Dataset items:
+ + + + + + +

(* Let $(G_n)_{n\in\mathbb{N}}$ be an $\mathrm{FO}$-convergent sequence of finite graphs with modeling limit $L$, and let $\xi(x)$ be a formula in the language of graphs with one free variable such that $\xi(L)$ is finite and nonempty, $\xi(L)$ contains no nonempty proper subset of the form $\chi(L)$ for a formula $\chi(x)$ in the language of graphs, and $|\xi(G_n)|=|\xi(L)|$ for every $n$. Then for every formula $\phi$ with $p$ free variables ($p\ge 0$) in the language of rooted graphs there exist a sequence $(r_n)$ with $r_n\in\xi(G_n)$ and a vertex $r\in\xi(L)$ such that $\lim_{n\to\infty}\langle\phi,(G_n,r_n)\rangle=\langle\phi,(L,r)\rangle$.
   Context: Graphs are first-order structures in the language with one binary (edge) relation. For a formula $\phi$ with $p$ free variables and a structure $G$, $\phi(G)=\{\mathbf{v}\in V(G)^p : G\models\phi(\mathbf{v})\}$. The Stone pairing of $\phi$ ($p\ge1$) with a finite graph $G$ is $\langle\phi,G\rangle=|\phi(G)|/|V(G)|^p$; for sentences it is $1$ if $G\models\phi$ and $0$ otherwise. A sequence of finite graphs is $\mathrm{FO}$-convergent if $(\langle\phi,G_n\rangle)$ converges for every formula $\phi$. A modeling is a graph $L$ whose vertex set is a standard Borel space with a probability measure $\nu$ such that every first-order definable set $\phi(L)\subseteq V(L)^p$ is measurable; $\langle\phi,L\rangle=\nu^{\otimes p}(\phi(L))$ (and $1$/$0$ for sentences). $L$ is a modeling limit of $(G_n)$ if $\lim_n\langle\phi,G_n\rangle=\langle\phi,L\rangle$ for all $\phi$. The language of rooted graphs adds a constant symbol $\mathrm{Root}$; $(G,r)$ is $G$ with $\mathrm{Root}$ interpreted as $r$, and Stone pairings with rooted structures are defined in the same way. *)

theory Defs
  imports "HOL-Probability.Probability"
begin

datatype fterm = Var nat | Root

datatype fform =
    FEq fterm fterm
  | FAdj fterm fterm
  | FNeg fform
  | FConj fform fform
  | FEx nat fform

fun tfv :: "fterm \<Rightarrow> nat set" where
  "tfv (Var i) = {i}"
| "tfv Root = {}"

fun fv :: "fform \<Rightarrow> nat set" where
  "fv (FEq s t) = tfv s \<union> tfv t"
| "fv (FAdj s t) = tfv s \<union> tfv t"
| "fv (FNeg f) = fv f"
| "fv (FConj f g) = fv f \<union> fv g"
| "fv (FEx i f) = fv f - {i}"

fun troot_free :: "fterm \<Rightarrow> bool" where
  "troot_free (Var i) = True"
| "troot_free Root = False"

fun graph_formula :: "fform \<Rightarrow> bool" where
  "graph_formula (FEq s t) = (troot_free s \<and> troot_free t)"
| "graph_formula (FAdj s t) = (troot_free s \<and> troot_free t)"
| "graph_formula (FNeg f) = graph_formula f"
| "graph_formula (FConj f g) = (graph_formula f \<and> graph_formula g)"
| "graph_formula (FEx i f) = graph_formula f"

fun teval :: "'v \<Rightarrow> (nat \<Rightarrow> 'v) \<Rightarrow> fterm \<Rightarrow> 'v" where
  "teval r a (Var i) = a i"
| "teval r a Root = r"

fun sat :: "'v set \<Rightarrow> ('v \<Rightarrow> 'v \<Rightarrow> bool) \<Rightarrow> 'v \<Rightarrow> (nat \<Rightarrow> 'v) \<Rightarrow> fform \<Rightarrow> bool" where
  "sat V E r a (FEq s t) = (teval r a s = teval r a t)"
| "sat V E r a (FAdj s t) = E (teval r a s) (teval r a t)"
| "sat V E r a (FNeg f) = (\<not> sat V E r a f)"
| "sat V E r a (FConj f g) = (sat V E r a f \<and> sat V E r a g)"
| "sat V E r a (FEx i f) = (\<exists>v\<in>V. sat V E r (a(i := v)) f)"

definition is_graph :: "'v set \<Rightarrow> ('v \<Rightarrow> 'v \<Rightarrow> bool) \<Rightarrow> bool" where
  "is_graph V E \<longleftrightarrow> (\<forall>x\<in>V. \<forall>y\<in>V. E x y \<longrightarrow> E y x) \<and> (\<forall>x\<in>V. \<not> E x x)"

text \<open>The definable set phi(G) for a formula whose free variables are among
  x_0,...,x_{p-1}; tuples in V^p are represented as extensional functions on {..<p}.\<close>
definition defset :: "'v set \<Rightarrow> ('v \<Rightarrow> 'v \<Rightarrow> bool) \<Rightarrow> 'v \<Rightarrow> nat \<Rightarrow> fform \<Rightarrow> (nat \<Rightarrow> 'v) set" where
  "defset V E r p \<phi> = {a \<in> {..<p} \<rightarrow>\<^sub>E V. sat V E r a \<phi>}"

text \<open>Unary definable set phi(G) as a set of vertices (formula with one free variable x_0).\<close>
definition defset1 :: "'v set \<Rightarrow> ('v \<Rightarrow> 'v \<Rightarrow> bool) \<Rightarrow> 'v \<Rightarrow> fform \<Rightarrow> 'v set" where
  "defset1 V E r \<phi> = {v \<in> V. sat V E r (\<lambda>_. v) \<phi>}"

definition stone_fin :: "'v set \<Rightarrow> ('v \<Rightarrow> 'v \<Rightarrow> bool) \<Rightarrow> 'v \<Rightarrow> nat \<Rightarrow> fform \<Rightarrow> real" where
  "stone_fin V E r p \<phi> =
     (if p = 0 then (if sat V E r (\<lambda>_. undefined) \<phi> then 1 else 0)
      else real (card (defset V E r p \<phi>)) / real (card V) ^ p)"

text \<open>Stone pairing with a (rooted) modeling whose vertex set carries the probability measure M.\<close>
definition stone_mod :: "'b measure \<Rightarrow> ('b \<Rightarrow> 'b \<Rightarrow> bool) \<Rightarrow> 'b \<Rightarrow> nat \<Rightarrow> fform \<Rightarrow> real" where
  "stone_mod M E r p \<phi> =
     (if p = 0 then (if sat (space M) E r (\<lambda>_. undefined) \<phi> then 1 else 0)
      else measure (PiM {..<p} (\<lambda>_. M)) (defset (space M) E r p \<phi>))"

definition standard_borel :: "'b measure \<Rightarrow> bool" where
  "standard_borel M \<longleftrightarrow> (\<exists>T :: 'b topology.
      topspace T = space M \<and> completely_metrizable_space T \<and> separable_space T \<and>
      sets M = sigma_sets (space M) {U. openin T U})"

definition modeling :: "'b measure \<Rightarrow> ('b \<Rightarrow> 'b \<Rightarrow> bool) \<Rightarrow> bool" where
  "modeling M E \<longleftrightarrow> is_graph (space M) E \<and> prob_space M \<and> standard_borel M \<and>
     (\<forall>p \<phi>. graph_formula \<phi> \<and> fv \<phi> \<subseteq> {..<p} \<longrightarrow>
        defset (space M) E undefined p \<phi> \<in> sets (PiM {..<p} (\<lambda>_. M)))"

definition FO_convergent :: "(nat \<Rightarrow> 'v set) \<Rightarrow> (nat \<Rightarrow> 'v \<Rightarrow> 'v \<Rightarrow> bool) \<Rightarrow> bool" where
  "FO_convergent V E \<longleftrightarrow> (\<forall>p \<phi>. graph_formula \<phi> \<and> fv \<phi> \<subseteq> {..<p} \<longrightarrow>
      convergent (\<lambda>n. stone_fin (V n) (E n) undefined p \<phi>))"

definition modeling_limit :: "(nat \<Rightarrow> 'v set) \<Rightarrow> (nat \<Rightarrow> 'v \<Rightarrow> 'v \<Rightarrow> bool) \<Rightarrow>
    'b measure \<Rightarrow> ('b \<Rightarrow> 'b \<Rightarrow> bool) \<Rightarrow> bool" where
  "modeling_limit V E M EL \<longleftrightarrow> modeling M EL \<and>
     (\<forall>p \<phi>. graph_formula \<phi> \<and> fv \<phi> \<subseteq> {..<p} \<longrightarrow>
        (\<lambda>n. stone_fin (V n) (E n) undefined p \<phi>) \<longlonglongrightarrow> stone_mod M EL undefined p \<phi>)"

end

theory Submission
  imports Defs
begin

text \<open>The \<open>m\<close>-th power of \<open>\<langle>\<phi>, (G, y)\<rangle>\<close> is the probability that \<open>m\<close> independent
  random \<open>p\<close>-tuples all satisfy \<open>\<phi>(-, y)\<close>. Counting, for a random \<open>mp\<close>-tuple, the roots
  \<open>y \<in> \<xi>(G)\<close> that work for all \<open>m\<close> blocks gives
  \<open>\<Sum>\<^sub>y \<langle>\<phi>, (G, y)\<rangle>\<^sup>m = \<Sum>\<^sub>j\<^sub>=\<^sub>1\<^sup>k \<langle>\<theta>\<^sub>j, G\<rangle>\<close>, where \<open>k = |\<xi>(G)|\<close> and the unrooted formula
  \<open>\<theta>\<^sub>j\<close> says that at least \<open>j\<close> distinct roots work. So along the sequence every power sum
  converges to the one of \<open>L\<close>, and since \<open>k = |\<xi>(G\<^sub>n)| = |\<xi>(L)|\<close> is fixed, so does the
  maximum of \<open>\<langle>\<phi>, (G\<^sub>n, y)\<rangle>\<close> over \<open>y \<in> \<xi>(G\<^sub>n)\<close>; maximisers \<open>r\<^sub>n\<close> and \<open>r\<close> do the job.\<close>

section \<open>Renaming, big conjunctions and existential blocks\<close>

fun rename_fterm :: "(nat \<Rightarrow> nat) \<Rightarrow> fterm \<Rightarrow> fterm \<Rightarrow> fterm" where
  "rename_fterm g R (Var i) = Var (g i)"
| "rename_fterm g R Root = R"

fun rename_fform :: "(nat \<Rightarrow> nat) \<Rightarrow> fterm \<Rightarrow> fform \<Rightarrow> fform" where
  "rename_fform g R (FEq s t) = FEq (rename_fterm g R s) (rename_fterm g R t)"
| "rename_fform g R (FAdj s t) = FAdj (rename_fterm g R s) (rename_fterm g R t)"
| "rename_fform g R (FNeg f) = FNeg (rename_fform g R f)"
| "rename_fform g R (FConj f h) = FConj (rename_fform g R f) (rename_fform g R h)"
| "rename_fform g R (FEx i f) = FEx (g i) (rename_fform g R f)"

+ + + + + + +

Would you copy, unchanged, the stretch of the records above that begins at the line containing "(if p = 0 then (if sat (space" and ends at the line containing "imports Defs", and only that?

EXPECTED ANSWER:
     (if p = 0 then (if sat (space M) E r (\<lambda>_. undefined) \<phi> then 1 else 0)
      else measure (PiM {..<p} (\<lambda>_. M)) (defset (space M) E r p \<phi>))"

definition standard_borel :: "'b measure \<Rightarrow> bool" where
  "standard_borel M \<longleftrightarrow> (\<exists>T :: 'b topology.
      topspace T = space M \<and> completely_metrizable_space T \<and> separable_space T \<and>
      sets M = sigma_sets (space M) {U. openin T U})"

definition modeling :: "'b measure \<Rightarrow> ('b \<Rightarrow> 'b \<Rightarrow> bool) \<Rightarrow> bool" where
  "modeling M E \<longleftrightarrow> is_graph (space M) E \<and> prob_space M \<and> standard_borel M \<and>
     (\<forall>p \<phi>. graph_formula \<phi> \<and> fv \<phi> \<subseteq> {..<p} \<longrightarrow>
        defset (space M) E undefined p \<phi> \<in> sets (PiM {..<p} (\<lambda>_. M)))"

definition FO_convergent :: "(nat \<Rightarrow> 'v set) \<Rightarrow> (nat \<Rightarrow> 'v \<Rightarrow> 'v \<Rightarrow> bool) \<Rightarrow> bool" where
  "FO_convergent V E \<longleftrightarrow> (\<forall>p \<phi>. graph_formula \<phi> \<and> fv \<phi> \<subseteq> {..<p} \<longrightarrow>
      convergent (\<lambda>n. stone_fin (V n) (E n) undefined p \<phi>))"

definition modeling_limit :: "(nat \<Rightarrow> 'v set) \<Rightarrow> (nat \<Rightarrow> 'v \<Rightarrow> 'v \<Rightarrow> bool) \<Rightarrow>
    'b measure \<Rightarrow> ('b \<Rightarrow> 'b \<Rightarrow> bool) \<Rightarrow> bool" where
  "modeling_limit V E M EL \<longleftrightarrow> modeling M EL \<and>
     (\<forall>p \<phi>. graph_formula \<phi> \<and> fv \<phi> \<subseteq> {..<p} \<longrightarrow>
        (\<lambda>n. stone_fin (V n) (E n) undefined p \<phi>) \<longlonglongrightarrow> stone_mod M EL undefined p \<phi>)"

end

theory Submission
  imports Defs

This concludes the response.